• _EXERCISE PROMPT_: Copy the lines exactly. Begin at the first line of the data and stop after the line with "l \<longrightarrow> Re l >".

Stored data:
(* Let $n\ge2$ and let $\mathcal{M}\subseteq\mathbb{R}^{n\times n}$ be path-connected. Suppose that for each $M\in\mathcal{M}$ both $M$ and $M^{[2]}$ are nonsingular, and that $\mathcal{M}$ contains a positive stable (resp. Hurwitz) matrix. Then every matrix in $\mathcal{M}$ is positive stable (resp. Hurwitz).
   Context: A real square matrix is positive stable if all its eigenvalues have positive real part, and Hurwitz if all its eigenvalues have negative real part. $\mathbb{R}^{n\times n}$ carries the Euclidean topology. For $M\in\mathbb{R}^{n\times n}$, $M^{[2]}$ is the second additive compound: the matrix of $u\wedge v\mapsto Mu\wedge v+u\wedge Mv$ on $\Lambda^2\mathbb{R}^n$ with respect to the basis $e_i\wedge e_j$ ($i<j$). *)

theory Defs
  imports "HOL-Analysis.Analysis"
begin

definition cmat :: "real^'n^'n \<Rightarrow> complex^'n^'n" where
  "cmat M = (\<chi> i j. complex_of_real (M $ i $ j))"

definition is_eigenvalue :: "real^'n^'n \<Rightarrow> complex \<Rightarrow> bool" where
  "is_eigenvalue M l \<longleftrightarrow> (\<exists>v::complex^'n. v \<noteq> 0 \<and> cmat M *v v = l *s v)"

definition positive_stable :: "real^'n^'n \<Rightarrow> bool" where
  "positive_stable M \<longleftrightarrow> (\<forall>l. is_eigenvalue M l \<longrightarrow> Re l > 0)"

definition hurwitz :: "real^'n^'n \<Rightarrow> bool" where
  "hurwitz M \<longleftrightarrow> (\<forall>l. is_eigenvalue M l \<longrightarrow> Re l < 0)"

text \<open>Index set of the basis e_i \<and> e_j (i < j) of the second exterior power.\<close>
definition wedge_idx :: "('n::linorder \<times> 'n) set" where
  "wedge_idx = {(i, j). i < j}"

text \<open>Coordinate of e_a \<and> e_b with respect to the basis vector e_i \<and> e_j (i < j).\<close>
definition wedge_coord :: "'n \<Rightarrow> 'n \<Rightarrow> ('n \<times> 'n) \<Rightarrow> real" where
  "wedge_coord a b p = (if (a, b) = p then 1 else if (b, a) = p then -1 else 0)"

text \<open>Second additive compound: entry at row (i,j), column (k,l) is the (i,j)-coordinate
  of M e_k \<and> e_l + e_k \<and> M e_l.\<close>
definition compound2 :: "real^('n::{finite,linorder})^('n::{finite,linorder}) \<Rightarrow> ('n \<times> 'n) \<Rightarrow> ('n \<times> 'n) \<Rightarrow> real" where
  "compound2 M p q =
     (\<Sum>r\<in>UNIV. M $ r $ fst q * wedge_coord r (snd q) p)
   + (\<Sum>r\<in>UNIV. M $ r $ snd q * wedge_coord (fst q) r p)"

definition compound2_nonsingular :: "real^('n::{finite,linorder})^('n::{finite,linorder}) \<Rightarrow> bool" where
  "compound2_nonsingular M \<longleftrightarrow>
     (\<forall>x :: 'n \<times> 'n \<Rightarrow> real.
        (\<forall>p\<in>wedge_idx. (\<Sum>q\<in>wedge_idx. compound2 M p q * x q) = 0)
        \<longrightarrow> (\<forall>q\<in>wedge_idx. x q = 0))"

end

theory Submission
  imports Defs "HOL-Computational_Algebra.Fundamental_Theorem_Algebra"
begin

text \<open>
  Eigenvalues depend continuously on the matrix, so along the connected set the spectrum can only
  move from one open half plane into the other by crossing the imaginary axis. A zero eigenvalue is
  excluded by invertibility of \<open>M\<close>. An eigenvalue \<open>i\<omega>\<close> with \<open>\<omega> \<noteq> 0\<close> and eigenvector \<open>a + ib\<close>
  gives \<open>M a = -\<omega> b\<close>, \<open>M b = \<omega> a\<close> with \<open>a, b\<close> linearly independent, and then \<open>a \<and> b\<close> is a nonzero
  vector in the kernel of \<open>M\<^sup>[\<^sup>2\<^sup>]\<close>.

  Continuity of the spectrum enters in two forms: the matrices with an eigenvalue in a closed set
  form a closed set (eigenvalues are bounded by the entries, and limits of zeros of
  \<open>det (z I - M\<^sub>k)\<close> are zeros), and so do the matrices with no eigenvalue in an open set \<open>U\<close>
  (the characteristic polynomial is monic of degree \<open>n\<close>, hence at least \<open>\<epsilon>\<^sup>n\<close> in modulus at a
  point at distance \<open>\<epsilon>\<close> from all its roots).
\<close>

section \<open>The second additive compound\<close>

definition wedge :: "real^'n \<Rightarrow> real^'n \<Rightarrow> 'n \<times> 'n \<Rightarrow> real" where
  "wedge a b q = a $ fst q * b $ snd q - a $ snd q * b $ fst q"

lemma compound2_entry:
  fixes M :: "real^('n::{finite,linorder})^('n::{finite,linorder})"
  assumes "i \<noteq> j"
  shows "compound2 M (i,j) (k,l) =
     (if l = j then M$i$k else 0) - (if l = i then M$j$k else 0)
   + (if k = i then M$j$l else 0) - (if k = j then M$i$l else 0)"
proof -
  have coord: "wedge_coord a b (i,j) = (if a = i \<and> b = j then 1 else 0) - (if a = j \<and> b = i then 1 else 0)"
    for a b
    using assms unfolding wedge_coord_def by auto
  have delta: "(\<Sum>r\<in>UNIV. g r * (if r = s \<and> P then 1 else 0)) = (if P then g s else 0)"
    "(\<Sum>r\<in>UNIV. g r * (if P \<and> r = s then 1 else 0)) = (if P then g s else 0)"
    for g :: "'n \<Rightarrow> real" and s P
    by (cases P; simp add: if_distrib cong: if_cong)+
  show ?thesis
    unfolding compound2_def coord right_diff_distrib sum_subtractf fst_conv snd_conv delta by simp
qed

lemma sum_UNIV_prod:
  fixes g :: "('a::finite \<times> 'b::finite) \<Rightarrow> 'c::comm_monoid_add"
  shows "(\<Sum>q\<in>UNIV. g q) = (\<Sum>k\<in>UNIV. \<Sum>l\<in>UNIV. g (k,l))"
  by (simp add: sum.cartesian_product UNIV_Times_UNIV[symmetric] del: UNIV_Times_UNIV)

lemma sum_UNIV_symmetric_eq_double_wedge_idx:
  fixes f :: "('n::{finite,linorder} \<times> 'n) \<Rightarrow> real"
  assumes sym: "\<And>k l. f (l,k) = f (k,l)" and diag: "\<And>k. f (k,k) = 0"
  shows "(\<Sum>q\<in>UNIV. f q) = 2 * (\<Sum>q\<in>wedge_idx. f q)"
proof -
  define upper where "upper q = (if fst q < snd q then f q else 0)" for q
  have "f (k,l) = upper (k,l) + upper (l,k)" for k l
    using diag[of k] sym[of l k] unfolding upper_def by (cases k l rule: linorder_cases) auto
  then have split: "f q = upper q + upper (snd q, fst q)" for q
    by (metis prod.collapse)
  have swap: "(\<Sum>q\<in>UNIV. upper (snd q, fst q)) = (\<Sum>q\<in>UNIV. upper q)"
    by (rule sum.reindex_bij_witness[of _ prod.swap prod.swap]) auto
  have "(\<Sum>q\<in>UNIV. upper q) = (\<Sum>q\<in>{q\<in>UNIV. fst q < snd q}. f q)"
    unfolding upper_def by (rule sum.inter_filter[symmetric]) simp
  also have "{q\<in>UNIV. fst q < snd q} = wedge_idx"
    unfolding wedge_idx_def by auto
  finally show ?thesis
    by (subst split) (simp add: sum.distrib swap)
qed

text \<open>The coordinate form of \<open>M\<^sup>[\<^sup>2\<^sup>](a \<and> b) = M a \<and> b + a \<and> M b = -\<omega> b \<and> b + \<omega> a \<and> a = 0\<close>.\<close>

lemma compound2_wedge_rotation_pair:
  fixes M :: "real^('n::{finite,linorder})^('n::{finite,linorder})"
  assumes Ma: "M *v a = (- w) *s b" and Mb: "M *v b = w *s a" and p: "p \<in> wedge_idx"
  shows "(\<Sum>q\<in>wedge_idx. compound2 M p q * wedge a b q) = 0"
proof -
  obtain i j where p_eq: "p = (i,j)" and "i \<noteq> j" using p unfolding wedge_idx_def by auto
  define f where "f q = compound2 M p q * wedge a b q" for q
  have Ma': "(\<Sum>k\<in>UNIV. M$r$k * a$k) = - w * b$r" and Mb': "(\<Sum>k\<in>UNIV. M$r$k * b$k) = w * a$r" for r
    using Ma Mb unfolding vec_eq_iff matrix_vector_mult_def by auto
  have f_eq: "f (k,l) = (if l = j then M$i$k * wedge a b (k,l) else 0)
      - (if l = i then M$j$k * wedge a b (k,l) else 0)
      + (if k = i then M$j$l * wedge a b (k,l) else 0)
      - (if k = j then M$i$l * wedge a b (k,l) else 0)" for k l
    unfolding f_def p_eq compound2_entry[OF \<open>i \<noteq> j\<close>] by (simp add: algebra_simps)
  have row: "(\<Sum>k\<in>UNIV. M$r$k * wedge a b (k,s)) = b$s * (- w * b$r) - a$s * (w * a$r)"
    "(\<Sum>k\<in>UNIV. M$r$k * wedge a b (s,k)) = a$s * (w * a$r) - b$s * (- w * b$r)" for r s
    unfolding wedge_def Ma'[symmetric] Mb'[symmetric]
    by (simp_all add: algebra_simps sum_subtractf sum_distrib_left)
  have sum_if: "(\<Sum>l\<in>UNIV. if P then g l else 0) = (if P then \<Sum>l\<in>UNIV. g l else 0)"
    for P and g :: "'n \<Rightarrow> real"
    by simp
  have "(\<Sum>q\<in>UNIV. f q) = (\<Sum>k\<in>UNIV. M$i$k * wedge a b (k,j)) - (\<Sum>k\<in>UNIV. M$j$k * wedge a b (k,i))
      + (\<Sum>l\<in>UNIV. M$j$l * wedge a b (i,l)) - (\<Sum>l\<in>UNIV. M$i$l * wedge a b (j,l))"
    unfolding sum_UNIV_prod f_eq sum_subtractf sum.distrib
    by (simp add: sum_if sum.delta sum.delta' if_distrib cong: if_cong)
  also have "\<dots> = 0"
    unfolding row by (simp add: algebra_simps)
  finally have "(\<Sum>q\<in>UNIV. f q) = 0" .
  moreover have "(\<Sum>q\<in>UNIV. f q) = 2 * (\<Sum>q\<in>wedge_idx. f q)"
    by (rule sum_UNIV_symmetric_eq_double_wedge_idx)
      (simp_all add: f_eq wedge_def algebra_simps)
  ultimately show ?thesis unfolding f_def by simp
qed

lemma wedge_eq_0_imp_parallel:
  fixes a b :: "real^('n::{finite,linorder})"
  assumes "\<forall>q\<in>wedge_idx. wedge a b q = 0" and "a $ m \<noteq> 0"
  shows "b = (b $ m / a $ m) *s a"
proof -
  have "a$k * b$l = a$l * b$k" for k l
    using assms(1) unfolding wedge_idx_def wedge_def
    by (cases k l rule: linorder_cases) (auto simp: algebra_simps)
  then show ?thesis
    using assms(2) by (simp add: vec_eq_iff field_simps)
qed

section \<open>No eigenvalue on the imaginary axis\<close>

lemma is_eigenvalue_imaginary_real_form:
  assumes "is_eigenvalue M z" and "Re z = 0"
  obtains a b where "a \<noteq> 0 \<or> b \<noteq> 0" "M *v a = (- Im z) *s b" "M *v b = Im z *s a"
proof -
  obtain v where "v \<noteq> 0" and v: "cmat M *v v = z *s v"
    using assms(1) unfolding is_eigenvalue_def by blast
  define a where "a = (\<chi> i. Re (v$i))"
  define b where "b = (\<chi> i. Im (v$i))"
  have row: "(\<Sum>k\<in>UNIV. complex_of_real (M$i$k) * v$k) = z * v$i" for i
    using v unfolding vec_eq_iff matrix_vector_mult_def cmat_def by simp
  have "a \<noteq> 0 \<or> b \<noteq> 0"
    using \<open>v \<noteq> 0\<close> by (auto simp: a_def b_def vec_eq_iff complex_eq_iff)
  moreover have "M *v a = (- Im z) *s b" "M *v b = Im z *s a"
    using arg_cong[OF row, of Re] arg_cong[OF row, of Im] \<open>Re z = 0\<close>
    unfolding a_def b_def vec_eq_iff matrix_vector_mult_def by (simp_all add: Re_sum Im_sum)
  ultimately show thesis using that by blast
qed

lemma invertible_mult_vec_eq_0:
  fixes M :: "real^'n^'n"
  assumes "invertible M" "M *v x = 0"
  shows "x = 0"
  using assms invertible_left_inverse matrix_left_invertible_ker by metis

• _SOLUTION FOR THIS PROBLEM_:
(* Let $n\ge2$ and let $\mathcal{M}\subseteq\mathbb{R}^{n\times n}$ be path-connected. Suppose that for each $M\in\mathcal{M}$ both $M$ and $M^{[2]}$ are nonsingular, and that $\mathcal{M}$ contains a positive stable (resp. Hurwitz) matrix. Then every matrix in $\mathcal{M}$ is positive stable (resp. Hurwitz).
   Context: A real square matrix is positive stable if all its eigenvalues have positive real part, and Hurwitz if all its eigenvalues have negative real part. $\mathbb{R}^{n\times n}$ carries the Euclidean topology. For $M\in\mathbb{R}^{n\times n}$, $M^{[2]}$ is the second additive compound: the matrix of $u\wedge v\mapsto Mu\wedge v+u\wedge Mv$ on $\Lambda^2\mathbb{R}^n$ with respect to the basis $e_i\wedge e_j$ ($i<j$). *)

theory Defs
  imports "HOL-Analysis.Analysis"
begin

definition cmat :: "real^'n^'n \<Rightarrow> complex^'n^'n" where
  "cmat M = (\<chi> i j. complex_of_real (M $ i $ j))"

definition is_eigenvalue :: "real^'n^'n \<Rightarrow> complex \<Rightarrow> bool" where
  "is_eigenvalue M l \<longleftrightarrow> (\<exists>v::complex^'n. v \<noteq> 0 \<and> cmat M *v v = l *s v)"

definition positive_stable :: "real^'n^'n \<Rightarrow> bool" where
  "positive_stable M \<longleftrightarrow> (\<forall>l. is_eigenvalue M l \<longrightarrow> Re l > 0)"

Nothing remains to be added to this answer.